Recorded data

· · ·

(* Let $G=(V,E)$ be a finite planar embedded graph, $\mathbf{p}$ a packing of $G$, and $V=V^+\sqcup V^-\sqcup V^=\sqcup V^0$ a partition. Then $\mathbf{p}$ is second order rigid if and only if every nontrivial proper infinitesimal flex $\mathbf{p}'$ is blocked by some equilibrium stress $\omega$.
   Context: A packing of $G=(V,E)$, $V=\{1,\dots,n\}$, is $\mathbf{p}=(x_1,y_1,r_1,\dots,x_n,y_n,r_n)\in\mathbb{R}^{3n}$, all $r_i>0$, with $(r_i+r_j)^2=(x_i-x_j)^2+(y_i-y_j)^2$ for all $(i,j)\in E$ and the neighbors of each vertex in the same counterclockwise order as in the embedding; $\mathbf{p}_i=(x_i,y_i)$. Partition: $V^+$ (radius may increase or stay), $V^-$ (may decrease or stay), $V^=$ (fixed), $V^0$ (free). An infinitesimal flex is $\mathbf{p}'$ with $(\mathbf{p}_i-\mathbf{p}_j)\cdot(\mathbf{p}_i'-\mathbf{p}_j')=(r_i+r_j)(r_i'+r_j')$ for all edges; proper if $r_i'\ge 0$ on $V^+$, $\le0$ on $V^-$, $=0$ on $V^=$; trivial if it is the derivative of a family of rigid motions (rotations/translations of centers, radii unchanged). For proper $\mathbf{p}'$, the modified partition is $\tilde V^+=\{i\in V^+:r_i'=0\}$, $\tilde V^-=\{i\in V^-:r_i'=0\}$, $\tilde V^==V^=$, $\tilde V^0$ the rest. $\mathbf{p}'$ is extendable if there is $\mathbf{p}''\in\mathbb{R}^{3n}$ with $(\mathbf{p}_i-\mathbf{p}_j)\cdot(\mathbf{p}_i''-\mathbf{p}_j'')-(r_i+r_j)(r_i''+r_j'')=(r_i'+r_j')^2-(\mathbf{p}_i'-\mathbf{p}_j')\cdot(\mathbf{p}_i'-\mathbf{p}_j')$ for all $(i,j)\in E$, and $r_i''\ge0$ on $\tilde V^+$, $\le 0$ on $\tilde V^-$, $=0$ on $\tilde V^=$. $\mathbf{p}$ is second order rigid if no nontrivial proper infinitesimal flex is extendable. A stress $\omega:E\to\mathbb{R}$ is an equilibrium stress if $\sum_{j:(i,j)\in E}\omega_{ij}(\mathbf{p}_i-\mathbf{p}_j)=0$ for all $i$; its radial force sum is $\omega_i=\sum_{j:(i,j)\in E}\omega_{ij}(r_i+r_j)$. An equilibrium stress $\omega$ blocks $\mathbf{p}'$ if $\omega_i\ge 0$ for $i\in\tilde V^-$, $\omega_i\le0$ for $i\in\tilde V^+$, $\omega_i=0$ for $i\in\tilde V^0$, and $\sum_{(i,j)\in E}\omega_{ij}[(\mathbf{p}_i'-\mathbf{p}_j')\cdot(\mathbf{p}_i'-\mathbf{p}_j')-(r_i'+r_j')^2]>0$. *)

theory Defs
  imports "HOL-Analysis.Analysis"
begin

· · ·

◆ **WORK TO COMPLETE**:
Give the entries again exactly, every one.

◆ **SOLVED EXERCISE**:
(* Let $G=(V,E)$ be a finite planar embedded graph, $\mathbf{p}$ a packing of $G$, and $V=V^+\sqcup V^-\sqcup V^=\sqcup V^0$ a partition. Then $\mathbf{p}$ is second order rigid if and only if every nontrivial proper infinitesimal flex $\mathbf{p}'$ is blocked by some equilibrium stress $\omega$.
   Context: A packing of $G=(V,E)$, $V=\{1,\dots,n\}$, is $\mathbf{p}=(x_1,y_1,r_1,\dots,x_n,y_n,r_n)\in\mathbb{R}^{3n}$, all $r_i>0$, with $(r_i+r_j)^2=(x_i-x_j)^2+(y_i-y_j)^2$ for all $(i,j)\in E$ and the neighbors of each vertex in the same counterclockwise order as in the embedding; $\mathbf{p}_i=(x_i,y_i)$. Partition: $V^+$ (radius may increase or stay), $V^-$ (may decrease or stay), $V^=$ (fixed), $V^0$ (free). An infinitesimal flex is $\mathbf{p}'$ with $(\mathbf{p}_i-\mathbf{p}_j)\cdot(\mathbf{p}_i'-\mathbf{p}_j')=(r_i+r_j)(r_i'+r_j')$ for all edges; proper if $r_i'\ge 0$ on $V^+$, $\le0$ on $V^-$, $=0$ on $V^=$; trivial if it is the derivative of a family of rigid motions (rotations/translations of centers, radii unchanged). For proper $\mathbf{p}'$, the modified partition is $\tilde V^+=\{i\in V^+:r_i'=0\}$, $\tilde V^-=\{i\in V^-:r_i'=0\}$, $\tilde V^==V^=$, $\tilde V^0$ the rest. $\mathbf{p}'$ is extendable if there is $\mathbf{p}''\in\mathbb{R}^{3n}$ with $(\mathbf{p}_i-\mathbf{p}_j)\cdot(\mathbf{p}_i''-\mathbf{p}_j'')-(r_i+r_j)(r_i''+r_j'')=(r_i'+r_j')^2-(\mathbf{p}_i'-\mathbf{p}_j')\cdot(\mathbf{p}_i'-\mathbf{p}_j')$ for all $(i,j)\in E$, and $r_i''\ge0$ on $\tilde V^+$, $\le 0$ on $\tilde V^-$, $=0$ on $\tilde V^=$. $\mathbf{p}$ is second order rigid if no nontrivial proper infinitesimal flex is extendable. A stress $\omega:E\to\mathbb{R}$ is an equilibrium stress if $\sum_{j:(i,j)\in E}\omega_{ij}(\mathbf{p}_i-\mathbf{p}_j)=0$ for all $i$; its radial force sum is $\omega_i=\sum_{j:(i,j)\in E}\omega_{ij}(r_i+r_j)$. An equilibrium stress $\omega$ blocks $\mathbf{p}'$ if $\omega_i\ge 0$ for $i\in\tilde V^-$, $\omega_i\le0$ for $i\in\tilde V^+$, $\omega_i=0$ for $i\in\tilde V^0$, and $\sum_{(i,j)\in E}\omega_{ij}[(\mathbf{p}_i'-\mathbf{p}_j')\cdot(\mathbf{p}_i'-\mathbf{p}_j')-(r_i'+r_j')^2]>0$. *)

theory Defs
  imports "HOL-Analysis.Analysis"
begin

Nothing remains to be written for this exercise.